April 6, 2020
Authored by: Jessica Edwards, Tim O'Connell and Robert Klingler
With regard to the interplay of various tax provisions of the CARES Act and the Paycheck Protection Program (PPP), we note the following:
- If a borrower takes a PPP loan, they are restricted from claiming the employee retention credit, even if the PPP loan is not forgiven.
- If any portion of a borrower’s PPP loan is forgiven, the borrower is restricted from taking advantage of the deferred payment of the employer portion of Social Security tax obligations.
- If all or a portion of borrower’s PPP loan is forgiven, the statute provides that such forgiven amount shall be excluded from gross income.

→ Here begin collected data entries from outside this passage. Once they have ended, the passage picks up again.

lemma powr_div_self_le_two_powr:
  assumes "1 \<le> n" and "0 \<le> a"
  shows "real n powr (a / real n) \<le> 2 powr a"
proof -
  have "real n \<le> 2 ^ n"
    using real_add_one_le_two_power[of n] by linarith
  then have "real n \<le> 2 powr real n"
    by (simp add: powr_realpow)
  then have "real n powr (1 / real n) \<le> (2 powr real n) powr (1 / real n)"
    using assms(1) by (simp add: powr_mono2)
  also have "\<dots> = 2"
    using assms(1) by (simp add: powr_powr)
  finally have "(real n powr (1 / real n)) powr a \<le> 2 powr a"
    using assms by (simp add: powr_mono2)
  then show ?thesis
    by (simp add: powr_powr)
qed

lemma card_subsets_le_power_div_fact:
  assumes "finite S"
  shows "real (card {A. A \<subseteq> S \<and> card A = j}) \<le> real (card S) ^ j / fact j"
proof -
  have "real ((card S choose j) * fact j) \<le> real (card S ^ j)"
    using binomial_fact_pow[of "card S" j] by (simp only: of_nat_le_iff)
  then show ?thesis
    by (simp add: n_subsets[OF assms] pos_le_divide_eq)
qed

lemma card_subsets_card_bounded_le:
  assumes "finite S" and "0 \<le> b"
    and "\<And>j. j \<le> s \<Longrightarrow> P j \<Longrightarrow> real (card {A. A \<subseteq> S \<and> card A = j}) \<le> b"
  shows "real (card {A. A \<subseteq> S \<and> card A \<le> s \<and> P (card A)}) \<le> real (s + 1) * b"
proof -
  define Q where "Q j = {A. A \<subseteq> S \<and> card A = j \<and> P j}" for j
  have "{A. A \<subseteq> S \<and> card A \<le> s \<and> P (card A)} = (\<Union>j\<le>s. Q j)"
    by (auto simp: Q_def)
  moreover have "finite (Q j)" for j
    using assms(1) by (auto simp: Q_def)
  ultimately have "card {A. A \<subseteq> S \<and> card A \<le> s \<and> P (card A)} \<le> (\<Sum>j\<le>s. card (Q j))"
    by (simp add: card_UN_le)
  then have "real (card {A. A \<subseteq> S \<and> card A \<le> s \<and> P (card A)}) \<le> (\<Sum>j\<le>s. real (card (Q j)))"
    by (simp flip: of_nat_sum)
  also have "\<dots> \<le> (\<Sum>j\<le>s. b)"
  proof (rule sum_mono)
    fix j assume "j \<in> {..s}"
    then show "real (card (Q j)) \<le> b"
      using assms(2) assms(3)[of j] by (cases "P j") (simp_all add: Q_def)
  qed
  finally show ?thesis
    by simp
qed

lemma bij_betw_restrict_functions_supported_in:
  "bij_betw (\<lambda>f. restrict f L) {f :: 'a \<Rightarrow> 'b::zero. \<forall>x. x \<notin> L \<longrightarrow> f x = 0} (L \<rightarrow>\<^sub>E UNIV)"
proof (rule bij_betwI')
  fix f g :: "'a \<Rightarrow> 'b"
  assume f: "f \<in> {f. \<forall>x. x \<notin> L \<longrightarrow> f x = 0}" and g: "g \<in> {f. \<forall>x. x \<notin> L \<longrightarrow> f x = 0}"
  show "(restrict f L = restrict g L) = (f = g)"
  proof
    assume eq: "restrict f L = restrict g L"
    show "f = g"
    proof
      fix x
      show "f x = g x"
        using fun_cong[OF eq, of x] f g by (cases "x \<in> L") auto
    qed
  qed simp
next
  fix h assume "h \<in> L \<rightarrow>\<^sub>E (UNIV :: 'b set)"
  then show "\<exists>f\<in>{f. \<forall>x. x \<notin> L \<longrightarrow> f x = 0}. h = restrict f L"
    by (intro bexI[of _ "\<lambda>x. if x \<in> L then h x else 0"]) (auto simp: PiE_def extensional_def)
qed simp

lemma
  fixes L :: "'a set"
  assumes "finite L"
  shows finite_functions_supported_in:
      "finite {f :: 'a \<Rightarrow> 'b::{finite, zero}. \<forall>x. x \<notin> L \<longrightarrow> f x = 0}"
    and card_functions_supported_in:
      "card {f :: 'a \<Rightarrow> 'b::{finite, zero}. \<forall>x. x \<notin> L \<longrightarrow> f x = 0} = card (UNIV :: 'b set) ^ card L"
proof -
  note bij = bij_betw_restrict_functions_supported_in[of L, where 'b = 'b]
  have "finite (L \<rightarrow>\<^sub>E (UNIV :: 'b set))"
    using assms by (simp add: finite_PiE)
  then show "finite {f :: 'a \<Rightarrow> 'b. \<forall>x. x \<notin> L \<longrightarrow> f x = 0}"
    using bij_betw_finite[OF bij] by simp
  show "card {f :: 'a \<Rightarrow> 'b. \<forall>x. x \<notin> L \<longrightarrow> f x = 0} = card (UNIV :: 'b set) ^ card L"
    using bij_betw_same_card[OF bij] assms by (simp add: card_PiE)
qed

definition faces :: "nat \<Rightarrow> nat \<Rightarrow> nat set set" where
  "faces n j = {A. A \<subseteq> {1..n} \<and> card A = j}"

lemma finite_faces: "finite (faces n j)"
  by (rule finite_subset[of _ "Pow {1..n}"]) (auto simp: faces_def)

lemma faces_memD:
  assumes "A \<in> faces n j"
  shows "finite A" "card A = j" "A \<subseteq> {1..n}"
  using assms finite_subset[of A "{1..n}"] by (auto simp: faces_def)

lemma card_faces_le: "card (faces n j) \<le> n ^ j"
proof -
  have "card (faces n j) = n choose j"
    using n_subsets[of "{1..n}" j] by (simp add: faces_def)
  then show ?thesis
    by (cases "j \<le> n") (simp_all add: binomial_le_pow binomial_eq_0)
qed

lemma card_faces_le_two_power: "real (card (faces n j)) \<le> (2 ^ n) ^ j"
proof -
  have "real (card (faces n j)) \<le> real n ^ j"
    using card_faces_le[of n j] by (simp flip: of_nat_power)
  also have "\<dots> \<le> (2 ^ n) ^ j"
  proof (rule power_mono)
    show "real n \<le> 2 ^ n"
      using real_add_one_le_two_power[of n] by linarith
  qed simp
  finally show ?thesis .
qed

lemma card_facets:
  assumes "finite \<sigma>" and "card \<sigma> = k" and "1 \<le> k"
  shows "card {B. B \<subseteq> \<sigma> \<and> card B = k - 1} = k"
  using n_subsets[OF assms(1), of "k - 1"] assms(2,3) binomial_symmetric[of 1 k] by simp

lemma csupp_subset_faces: "csupp n k \<phi> \<subseteq> faces n k"
  by (auto simp: csupp_def faces_def simplex_lists_def distinct_card)

lemma finite_csupp: "finite (csupp n k \<phi>)"
  by (rule finite_subset[OF csupp_subset_faces finite_faces])

lemma cochain_nonzero_imp_csupp:
  assumes "\<phi> \<in> cochains n k" and "\<phi> xs \<noteq> 0"
  shows "length xs = k" "set xs \<in> csupp n k \<phi>"
proof -
  have "xs \<in> simplex_lists n k"
    using assms by (auto simp: cochains_def)
  then show "length xs = k" "set xs \<in> csupp n k \<phi>"
    using assms(2) by (auto simp: simplex_lists_def csupp_def)
qed

lemma finite_cochains: "finite (cochains n q :: (nat list \<Rightarrow> 'r::{finite, ab_group_add}) set)"
proof -
  have "finite (simplex_lists n q)"
    by (rule finite_subset[OF _ finite_lists_length_eq[OF finite_atLeastAtMost[of 1 n], of q]])
      (auto simp: simplex_lists_def)
  then have "finite {\<phi> :: nat list \<Rightarrow> 'r. \<forall>xs. xs \<notin> simplex_lists n q \<longrightarrow> \<phi> xs = 0}"
    by (rule finite_functions_supported_in)
  then show ?thesis
    by (rule finite_subset[rotated]) (auto simp: cochains_def)
qed

lemma del_nth_in_simplex_lists:
  assumes "xs \<in> simplex_lists n (Suc q)" and "i < Suc q"
  shows "del_nth i xs \<in> simplex_lists n q"
proof -
  have "distinct xs" "length xs = Suc q" "set xs \<subseteq> {1..n}"
    using assms(1) by (auto simp: simplex_lists_def)
  moreover have "set (del_nth i xs) \<subseteq> set xs"
    by (auto simp: del_nth_def dest: in_set_takeD in_set_dropD)
  moreover have "distinct (del_nth i xs)"
    using \<open>distinct xs\<close> set_take_disj_set_drop_if_distinct[of xs i "Suc i"]
    by (auto simp: del_nth_def)
  ultimately show ?thesis
    using assms(2) by (auto simp: simplex_lists_def del_nth_def)
qed

text \<open>If \<open>set ys\<close> is the only support face inside \<open>set ys \<union> {v}\<close>, only the last term of the
  coboundary at \<open>ys @ [v]\<close> survives.\<close>

lemma cobound_snoc_nonzero:
  fixes \<phi> :: "nat list \<Rightarrow> 'r::ab_group_add"
  assumes ys: "ys \<in> simplex_lists n k" and nz: "\<phi> ys \<noteq> 0"
    and v: "v \<in> {1..n}" "v \<notin> set ys"
    and unique: "\<And>zs. zs \<in> simplex_lists n k \<Longrightarrow> \<phi> zs \<noteq> 0 \<Longrightarrow> set zs \<subseteq> insert v (set ys)
      \<Longrightarrow> set zs = set ys"
  shows "ys @ [v] \<in> simplex_lists n (Suc k)" and "cobound n k \<phi> (ys @ [v]) \<noteq> 0"
proof -
  have len: "length ys = k"
    using ys by (simp add: simplex_lists_def)
  show xs: "ys @ [v] \<in> simplex_lists n (Suc k)"
    using ys v by (auto simp: simplex_lists_def)
  have "\<phi> (del_nth i (ys @ [v])) = 0" if "i < k" for i
  proof (rule ccontr)
    assume "\<phi> (del_nth i (ys @ [v])) \<noteq> 0"
    with del_nth_in_simplex_lists[OF xs, of i] that
    have "del_nth i (ys @ [v]) \<in> simplex_lists n k" "\<phi> (del_nth i (ys @ [v])) \<noteq> 0"
      by simp_all
    moreover have "set (del_nth i (ys @ [v])) \<subseteq> insert v (set ys)"
      by (auto simp: del_nth_def dest: in_set_takeD in_set_dropD)
    ultimately have "set (del_nth i (ys @ [v])) = set ys"
      by (rule unique)
    moreover have "v \<in> set (del_nth i (ys @ [v]))"
      using len that by (simp add: del_nth_def)
    ultimately show False
      using v by simp
  qed
  moreover have "del_nth k (ys @ [v]) = ys"
    using len by (simp add: del_nth_def)
  ultimately have "cobound n k \<phi> (ys @ [v]) = (if even k then \<phi> ys else - \<phi> ys)"
    using xs by (simp add: cobound_def sum.neutral)
  then show "cobound n k \<phi> (ys @ [v]) \<noteq> 0"
    using nz by simp
qed

section \<open>Heavy faces, light members and free extensions\<close>

definition face_degree :: "nat set set \<Rightarrow> nat set \<Rightarrow> nat" where
  "face_degree F B = card {\<sigma> \<in> F. B \<subseteq> \<sigma>}"

definition heavy_faces :: "nat \<Rightarrow> nat \<Rightarrow> real \<Rightarrow> nat set set \<Rightarrow> nat set set" where
  "heavy_faces n k t F = {B \<in> faces n (k - 1). t \<le> real (face_degree F B)}"

definition faces_above :: "nat \<Rightarrow> nat \<Rightarrow> nat set set \<Rightarrow> nat set set" where
  "faces_above n k H = {\<sigma> \<in> faces n k. \<exists>B\<in>H. B \<subseteq> \<sigma>}"

definition light_members :: "nat \<Rightarrow> nat \<Rightarrow> real \<Rightarrow> nat set set \<Rightarrow> nat set set" where
  "light_members n k t F = F - faces_above n k (heavy_faces n k t F)"

definition link :: "nat \<Rightarrow> nat set set \<Rightarrow> nat set \<Rightarrow> nat set" where
  "link n F B = {v \<in> {1..n}. v \<notin> B \<and> insert v B \<in> F}"

definition free_extensions :: "nat \<Rightarrow> nat set set \<Rightarrow> nat set \<Rightarrow> nat set" where
  "free_extensions n F \<sigma> = {v \<in> {1..n}. v \<notin> \<sigma> \<and> (\<forall>\<sigma>'\<in>F. \<sigma>' \<subseteq> insert v \<sigma> \<longrightarrow> \<sigma>' = \<sigma>)}"

lemma card_heavy_faces_le:
  assumes F: "F \<subseteq> faces n k" and k: "1 \<le> k"
  shows "real (card (heavy_faces n k t F)) * t \<le> real (k * card F)"
proof -
  let ?H = "heavy_faces n k t F"
  let ?facets = "\<lambda>\<sigma>. {B. B \<subseteq> \<sigma> \<and> card B = k - 1}"
  have finF: "finite F"
    using F finite_faces finite_subset by blast
  have finH: "finite ?H"
    using finite_faces[of n "k - 1"] by (simp add: heavy_faces_def)
  have fin_facets: "finite (?facets \<sigma>)" if "\<sigma> \<in> F" for \<sigma>
    using faces_memD(1)[of \<sigma> n k] that F by auto
  have "real (card ?H) * t \<le> (\<Sum>B\<in>?H. real (face_degree F B))"
    using sum_mono[of ?H "\<lambda>_. t" "\<lambda>B. real (face_degree F B)"]
    by (simp add: heavy_faces_def mult.commute)
  also have "\<dots> = real (card (SIGMA B:?H. {\<sigma> \<in> F. B \<subseteq> \<sigma>}))"
    using finH finF by (simp add: face_degree_def)
  also have "card (SIGMA B:?H. {\<sigma> \<in> F. B \<subseteq> \<sigma>}) \<le> card (SIGMA \<sigma>:F. ?facets \<sigma>)"
  proof (rule card_inj_on_le)
    show "inj_on (\<lambda>(B, \<sigma>). (\<sigma>, B)) (SIGMA B:?H. {\<sigma> \<in> F. B \<subseteq> \<sigma>})"
      by (rule inj_onI) auto
    show "(\<lambda>(B, \<sigma>). (\<sigma>, B)) ` (SIGMA B:?H. {\<sigma> \<in> F. B \<subseteq> \<sigma>}) \<subseteq> (SIGMA \<sigma>:F. ?facets \<sigma>)"
      by (auto simp: heavy_faces_def faces_def)
    show "finite (SIGMA \<sigma>:F. ?facets \<sigma>)"
      using finF fin_facets by (rule finite_SigmaI)
  qed
  also have "card (SIGMA \<sigma>:F. ?facets \<sigma>) = (\<Sum>\<sigma>\<in>F. card (?facets \<sigma>))"
    using finF fin_facets by simp
  also have "\<dots> = (\<Sum>\<sigma>\<in>F. k)"
  proof (rule sum.cong[OF refl])
    fix \<sigma> assume "\<sigma> \<in> F"
    then have "finite \<sigma>" "card \<sigma> = k"
      using F faces_memD[of \<sigma> n k] by auto
    then show "card (?facets \<sigma>) = k"
      using k by (rule card_facets)
  qed
  finally show ?thesis
    by (simp add: mult.commute)
qed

Employee retention credit. The CARES Act provides certain eligible employers a refundable credit with respect to the employer’s share of Social Security tax for due in an amount equal to 50% of qualified wages paid after March 12, 2020 and before January 1, 2021 (up to $10,000 per employee for all calendar quarters). Eligible employers generally include those required to fully or partially suspend operations due to a COVID-19 related government order or that have a 50% decrease in gross receipts for a calendar quarter when compared to the same quarter in 2019. Generally, all employee wages paid by employers with up to 100 full-time employees in 2019 are eligible for the credit. However, if an employer had more than 100 full-time employees in 2019, only wages paid to employees who are not providing services due to the suspension of operations or significant decrease in gross receipts are credit-eligible. If an employer takes a PPP loan, they are not eligible to take advantage of the employee retention credit.